## ASSIGNED TASK
In the entries below, find every line with "lbrakk" and copy it.

## SUPPLIED RECORDS

▽

(* In the $(3,2,2)$ scenario, every causal correlation satisfies $p_{\rm gynin}\le\tfrac12$.
   Context: $(3,2,2)$ scenario: three parties, $a_k,x_k\in\{0,1\}$, $\bar a=1\oplus a$. $p_{\rm gynin}=\frac18\sum_{\vec a\in\{0,1\}^3}\big[p((a_3,a_1,a_2)|\vec a)+p((\bar a_3,\bar a_1,\bar a_2)|\vec a)\big]$, where $p((y_1,y_2,y_3)|\vec a)$ is the probability of outcomes $x_k=y_k$. Causal correlations (recursive): a one-party correlation is causal; an $N$-party correlation is causal iff $p(\vec x|\vec a)=\sum_{k=1}^N q_k\,p_k(x_k|a_k)\,p^{a_k}_{k,x_k}(\vec x_{\backslash k}|\vec a_{\backslash k})$ with $q_k\ge0$, $\sum_kq_k=1$, $p_k(\cdot|a_k)$ probability distributions, and each $p^{a_k}_{k,x_k}$ a causal $(N-1)$-party correlation. *)

theory Defs
  imports Complex_Main
begin

text \<open>Parties are labelled by natural numbers (parties 1,2,3 of the paper are 0,1,2 here).
  Inputs a and outputs x are bit vectors, represented as functions nat \<Rightarrow> bool.
  A correlation on a party set S is a function p x a (probability of outputs x given inputs a)
  which only depends on the coordinates in S.\<close>

definition local_on :: "nat set \<Rightarrow> ((nat \<Rightarrow> bool) \<Rightarrow> (nat \<Rightarrow> bool) \<Rightarrow> real) \<Rightarrow> bool" where
  "local_on S p \<longleftrightarrow> (\<forall>x a x' a'. (\<forall>i\<in>S. x i = x' i \<and> a i = a' i) \<longrightarrow> p x a = p x' a')"

inductive causal :: "nat set \<Rightarrow> ((nat \<Rightarrow> bool) \<Rightarrow> (nat \<Rightarrow> bool) \<Rightarrow> real) \<Rightarrow> bool" where
  one: "\<lbrakk> local_on {k} p; \<forall>x a. p x a \<ge> 0;
          \<forall>x a. p (x(k := True)) a + p (x(k := False)) a = 1 \<rbrakk> \<Longrightarrow> causal {k} p"
| step: "\<lbrakk> finite S; card S \<ge> 2;
           \<forall>k\<in>S. q k \<ge> 0; (\<Sum>k\<in>S. q k) = 1;
           \<forall>k\<in>S. \<forall>y b. P k y b \<ge> 0;
           \<forall>k\<in>S. \<forall>b. P k True b + P k False b = 1;
           \<forall>k\<in>S. \<forall>y b. causal (S - {k}) (R k y b);
           \<forall>x a. p x a = (\<Sum>k\<in>S. q k * P k (x k) (a k) * R k (x k) (a k) x a) \<rbrakk>
        \<Longrightarrow> causal S p"

definition vec3 :: "bool \<Rightarrow> bool \<Rightarrow> bool \<Rightarrow> nat \<Rightarrow> bool" where
  "vec3 b0 b1 b2 = (\<lambda>i. if i = 0 then b0 else if i = 1 then b1 else b2)"

definition p_gynin :: "((nat \<Rightarrow> bool) \<Rightarrow> (nat \<Rightarrow> bool) \<Rightarrow> real) \<Rightarrow> real" where
  "p_gynin p = (1/8) * (\<Sum>a0\<in>UNIV. \<Sum>a1\<in>UNIV. \<Sum>a2\<in>UNIV.
       p (vec3 a2 a0 a1) (vec3 a0 a1 a2) + p (vec3 (\<not> a2) (\<not> a0) (\<not> a1)) (vec3 a0 a1 a2))"

end

theory Submission
  imports Defs
begin

text \<open>Decompose a causal correlation according to which party acts first.  If party k acts
  first with response P and the remaining two parties share a causal correlation R, then for
  every value of party k's input and output the remaining two parties face a two-party game
  in which one of them must output the other's input (up to a prescribed flip); whichever of
  the two acts first, its own response distribution caps the four relevant terms at 2.  So each
  first-party branch contributes at most 4 to the 16-term Gynin sum, and so does their mixture,
  giving a winning probability of at most 4/8.\<close>

definition bit_distribution :: "(bool \<Rightarrow> 'a \<Rightarrow> real) \<Rightarrow> bool" where
  "bit_distribution P \<longleftrightarrow> (\<forall>y b. 0 \<le> P y b) \<and> (\<forall>b. P True b + P False b = 1)"

lemma bit_distribution_nonneg: "bit_distribution P \<Longrightarrow> 0 \<le> P y b"
  by (simp add: bit_distribution_def)

lemma bit_distribution_add_Not: "bit_distribution P \<Longrightarrow> P y b + P (\<not> y) b = 1"
  by (cases y) (simp_all add: bit_distribution_def add.commute)

lemma bit_distribution_le_one: "bit_distribution P \<Longrightarrow> P y b \<le> 1"
  using bit_distribution_add_Not[of P y b] bit_distribution_nonneg[of P "\<not> y" b] by linarith

lemma mixture_le_sum_first_marginals:
  assumes q: "\<forall>k\<in>S. 0 \<le> q k" and P: "\<forall>k\<in>S. bit_distribution (P k)"
    and R: "\<forall>k\<in>S. \<forall>y b x a. R k y b x a \<le> 1"
  shows "(\<Sum>k\<in>S. q k * P k (x k) (a k) * R k (x k) (a k) x a) \<le> (\<Sum>k\<in>S. q k * P k (x k) (a k))"
proof (rule sum_mono)
  fix k assume k: "k \<in> S"
  have "0 \<le> q k * P k (x k) (a k)"
    using q P k by (simp add: bit_distribution_nonneg)
  then show "q k * P k (x k) (a k) * R k (x k) (a k) x a \<le> q k * P k (x k) (a k)"
    using R k by (simp add: mult_left_le)
qed

lemma causal_range: "causal S p \<Longrightarrow> 0 \<le> p x a \<and> p x a \<le> 1"
proof (induction arbitrary: x a rule: causal.induct)
  case (one k p)
  then have "bit_distribution (\<lambda>y. p (x(k := y)))"
    by (simp add: bit_distribution_def)
  then show ?case
    using bit_distribution_nonneg bit_distribution_le_one by (metis fun_upd_triv)
next
  case (step S q P R p)
  have P: "\<forall>k\<in>S. bit_distribution (P k)"
    using step.hyps by (simp add: bit_distribution_def)
  have "0 \<le> (\<Sum>k\<in>S. q k * P k (x k) (a k) * R k (x k) (a k) x a)"
    using step.hyps step.IH P by (intro sum_nonneg) (simp add: bit_distribution_nonneg)
  moreover have "(\<Sum>k\<in>S. q k * P k (x k) (a k) * R k (x k) (a k) x a) \<le> (\<Sum>k\<in>S. q k * P k (x k) (a k))"
    using step.hyps step.IH P by (intro mixture_le_sum_first_marginals) auto
  moreover have "(\<Sum>k\<in>S. q k * P k (x k) (a k)) \<le> (\<Sum>k\<in>S. q k)"
    using step.hyps P by (intro sum_mono mult_right_le_one_le) (auto intro: bit_distribution_nonneg bit_distribution_le_one)
  ultimately show ?case
    using step.hyps by simp
qed

lemma causal_two_party_guess_le_2:
  assumes "causal {j, l} R"
    and guess: "\<forall>s. x s j = c \<and> a s j = s \<and> x s l = s \<and> a s l = y"
    and guess': "\<forall>s. x' s j = (\<not> c) \<and> a' s j = s \<and> x' s l = (\<not> s) \<and> a' s l = (\<not> y)"
  shows "(\<Sum>s\<in>UNIV. R (x s) (a s) + R (x' s) (a' s)) \<le> 2"
proof -
  have "j \<noteq> l"
    using spec[OF guess, of True] spec[OF guess, of False] by auto
  from assms(1) show ?thesis
  proof cases
    case (one k)
    then show ?thesis using \<open>j \<noteq> l\<close> by auto
  next
    case (step q P R')
    have P: "bit_distribution (P j)" "bit_distribution (P l)"
      using step by (simp_all add: bit_distribution_def)
    have R'_le_one: "\<forall>k\<in>{j, l}. \<forall>y b x a. R' k y b x a \<le> 1"
      using step causal_range by blast
    have R_le: "R u v \<le> q j * P j (u j) (v j) + q l * P l (u l) (v l)" for u v
    proof -
      have "R u v = (\<Sum>k\<in>{j, l}. q k * P k (u k) (v k) * R' k (u k) (v k) u v)"
        using step by simp
      also have "\<dots> \<le> (\<Sum>k\<in>{j, l}. q k * P k (u k) (v k))"
        using step P R'_le_one by (intro mixture_le_sum_first_marginals) auto
      finally have "R u v \<le> (\<Sum>k\<in>{j, l}. q k * P k (u k) (v k))" .
      then show ?thesis
        using \<open>j \<noteq> l\<close> by simp
    qed
    have "(\<Sum>s\<in>UNIV. R (x s) (a s) + R (x' s) (a' s))
        \<le> (\<Sum>s\<in>UNIV. q j * (P j c s + P j (\<not> c) s) + q l * (P l s y + P l (\<not> s) (\<not> y)))"
    proof (rule sum_mono)
      fix s
      show "R (x s) (a s) + R (x' s) (a' s)
          \<le> q j * (P j c s + P j (\<not> c) s) + q l * (P l s y + P l (\<not> s) (\<not> y))"
        using R_le[of "x s" "a s"] R_le[of "x' s" "a' s"] guess guess' by (simp add: algebra_simps)
    qed
    also have "\<dots> = q j * (\<Sum>s\<in>UNIV. P j c s + P j (\<not> c) s) + q l * (\<Sum>s\<in>UNIV. P l s y + P l (\<not> s) (\<not> y))"
      by (simp add: UNIV_bool algebra_simps)
    also have "\<dots> = 2 * (q j + q l)"
    proof -
      have "(\<Sum>s\<in>UNIV. P j c s + P j (\<not> c) s) = 2"
        using P(1) by (simp add: UNIV_bool bit_distribution_add_Not)
      moreover have "(\<Sum>s\<in>UNIV. P l s y + P l (\<not> s) (\<not> y)) = 2"
        using bit_distribution_add_Not[OF P(2), of True y] bit_distribution_add_Not[OF P(2), of True "\<not> y"]
        by (simp add: UNIV_bool)
      ultimately show ?thesis
        by simp
    qed
    also have "\<dots> = 2"
      using step \<open>j \<noteq> l\<close> by simp
    finally show ?thesis .
  qed
qed

lemma first_party_branch_le_4:
  assumes P: "bit_distribution P" and R: "\<forall>y b. causal {j, l} (R y b)"
    and guess: "\<forall>y b s. x y b s j = b \<and> a y b s j = s \<and> x y b s l = s \<and> a y b s l = y"
    and guess': "\<forall>y b s. x' y b s j = (\<not> b) \<and> a' y b s j = s \<and> x' y b s l = (\<not> s) \<and> a' y b s l = (\<not> y)"
  shows "(\<Sum>y\<in>UNIV. \<Sum>b\<in>UNIV. \<Sum>s\<in>UNIV.
      P y b * R y b (x y b s) (a y b s) + P y b * R y b (x' y b s) (a' y b s)) \<le> 4"
proof -
  have "(\<Sum>y\<in>UNIV. \<Sum>b\<in>UNIV. \<Sum>s\<in>UNIV.
      P y b * R y b (x y b s) (a y b s) + P y b * R y b (x' y b s) (a' y b s))
    = (\<Sum>y\<in>UNIV. \<Sum>b\<in>UNIV. P y b * (\<Sum>s\<in>UNIV. R y b (x y b s) (a y b s) + R y b (x' y b s) (a' y b s)))"
    by (simp add: sum_distrib_left distrib_left)
  also have "\<dots> \<le> (\<Sum>y\<in>UNIV. \<Sum>b\<in>UNIV. P y b * 2)"
  proof (intro sum_mono mult_left_mono)
    fix y b
    show "(\<Sum>s\<in>UNIV. R y b (x y b s) (a y b s) + R y b (x' y b s) (a' y b s)) \<le> 2"
      using R guess guess' by (intro causal_two_party_guess_le_2[where c = b and y = y]) auto
    show "0 \<le> P y b"
      using P by (rule bit_distribution_nonneg)
  qed
  also have "\<dots> = 4"
    using bit_distribution_add_Not[OF P, of True True] bit_distribution_add_Not[OF P, of True False]
    by (simp add: UNIV_bool)
  finally show ?thesis .
qed

definition gynin_sum :: "((nat \<Rightarrow> bool) \<Rightarrow> (nat \<Rightarrow> bool) \<Rightarrow> real) \<Rightarrow> real" where
  "gynin_sum f = (\<Sum>a0\<in>UNIV. \<Sum>a1\<in>UNIV. \<Sum>a2\<in>UNIV.
       f (vec3 a2 a0 a1) (vec3 a0 a1 a2) + f (vec3 (\<not> a2) (\<not> a0) (\<not> a1)) (vec3 a0 a1 a2))"

lemma p_gynin_eq_gynin_sum: "p_gynin p = gynin_sum p / 8"
  by (simp add: p_gynin_def gynin_sum_def)

lemma gynin_sum_sum_mult:
  "gynin_sum (\<lambda>x a. \<Sum>k\<in>K. c k * g k x a) = (\<Sum>k\<in>K. c k * gynin_sum (g k))"
  by (simp add: gynin_sum_def UNIV_bool sum.distrib distrib_left)

lemma vec3_simps [simp]:
  "vec3 b0 b1 b2 0 = b0" "vec3 b0 b1 b2 1 = b1" "vec3 b0 b1 b2 (Suc 0) = b1" "vec3 b0 b1 b2 2 = b2"
  by (simp_all add: vec3_def)

text \<open>Reindexing the Gynin sum for party k: y is party k's output, b its input, and s the
  input of the next party in the cycle 0, 1, 2.\<close>

lemma gynin_sum_party_0:
  "gynin_sum f = (\<Sum>y\<in>UNIV. \<Sum>b\<in>UNIV. \<Sum>s\<in>UNIV.
      f (vec3 y b s) (vec3 b s y) + f (vec3 y (\<not> b) (\<not> s)) (vec3 b s (\<not> y)))"
  by (simp add: gynin_sum_def UNIV_bool algebra_simps)

lemma gynin_sum_party_1:
  "gynin_sum f = (\<Sum>y\<in>UNIV. \<Sum>b\<in>UNIV. \<Sum>s\<in>UNIV.
      f (vec3 s y b) (vec3 y b s) + f (vec3 (\<not> s) y (\<not> b)) (vec3 (\<not> y) b s))"
  by (simp add: gynin_sum_def UNIV_bool algebra_simps)

lemma gynin_sum_party_2:
  "gynin_sum f = (\<Sum>y\<in>UNIV. \<Sum>b\<in>UNIV. \<Sum>s\<in>UNIV.
      f (vec3 b s y) (vec3 s y b) + f (vec3 (\<not> b) (\<not> s) y) (vec3 s (\<not> y) b))"
  by (simp add: gynin_sum_def UNIV_bool algebra_simps)

lemma gynin_sum_first_party_le_4:
  assumes k: "k \<in> {0, 1, 2}" and P: "bit_distribution P"
    and R: "\<forall>y b. causal ({0, 1, 2} - {k}) (R y b)"
  shows "gynin_sum (\<lambda>x a. P (x k) (a k) * R (x k) (a k) x a) \<le> 4"
proof -
  from k consider "k = 0" | "k = 1" | "k = 2"
    by blast
  then show ?thesis
  proof cases
    case 1
    moreover have "{0, 1, 2} - {0} = {1, 2 :: nat}"
      by auto
    ultimately show ?thesis
      using first_party_branch_le_4[OF P, where j = 1 and l = 2 and R = R
          and x = "\<lambda>y b s. vec3 y b s" and a = "\<lambda>y b s. vec3 b s y"
          and x' = "\<lambda>y b s. vec3 y (\<not> b) (\<not> s)" and a' = "\<lambda>y b s. vec3 b s (\<not> y)"] R
      by (simp add: gynin_sum_party_0)
  next
    case 2
    moreover have "{0, 1, 2} - {1} = {2, 0 :: nat}"
      by auto
    ultimately show ?thesis
      using first_party_branch_le_4[OF P, where j = 2 and l = 0 and R = R
          and x = "\<lambda>y b s. vec3 s y b" and a = "\<lambda>y b s. vec3 y b s"
          and x' = "\<lambda>y b s. vec3 (\<not> s) y (\<not> b)" and a' = "\<lambda>y b s. vec3 (\<not> y) b s"] R
      by (simp add: gynin_sum_party_1)
  next
    case 3
    moreover have "{0, 1, 2} - {2} = {0, 1 :: nat}"
      by auto
    ultimately show ?thesis
      using first_party_branch_le_4[OF P, where j = 0 and l = 1 and R = R
          and x = "\<lambda>y b s. vec3 b s y" and a = "\<lambda>y b s. vec3 s y b"
          and x' = "\<lambda>y b s. vec3 (\<not> b) (\<not> s) y" and a' = "\<lambda>y b s. vec3 s (\<not> y) b"] R
      by (simp add: gynin_sum_party_2)
  qed
qed

theorem mainTheorem10:
  fixes p :: "(nat \<Rightarrow> bool) \<Rightarrow> (nat \<Rightarrow> bool) \<Rightarrow> real"
  assumes "causal {0, 1, 2} p"
  shows "p_gynin p \<le> 1 / 2"
  using assms
proof cases
  case (one k)
  have "(0 :: nat) \<in> {k}" "(1 :: nat) \<in> {k}"
    unfolding one(1) [symmetric] by simp_all
  then show ?thesis
    by simp
next
  case (step q P R)
  have "p = (\<lambda>x a. \<Sum>k\<in>{0, 1, 2}. q k * (P k (x k) (a k) * R k (x k) (a k) x a))"
    using step by (auto simp: fun_eq_iff mult.assoc)
  then have "gynin_sum p = (\<Sum>k\<in>{0, 1, 2}. q k * gynin_sum (\<lambda>x a. P k (x k) (a k) * R k (x k) (a k) x a))"
    by (simp only: gynin_sum_sum_mult)
  also have "\<dots> \<le> (\<Sum>k\<in>{0, 1, 2}. q k * 4)"
    using step gynin_sum_first_party_le_4
    by (intro sum_mono mult_left_mono) (auto simp: bit_distribution_def)
  finally show ?thesis
    using step by (simp add: p_gynin_eq_gynin_sum sum_distrib_right [symmetric])
qed

end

△

## OUTPUT BELOW
  one: "\<lbrakk> local_on {k} p; \<forall>x a. p x a \<ge> 0;
| step: "\<lbrakk> finite S; card S \<ge> 2;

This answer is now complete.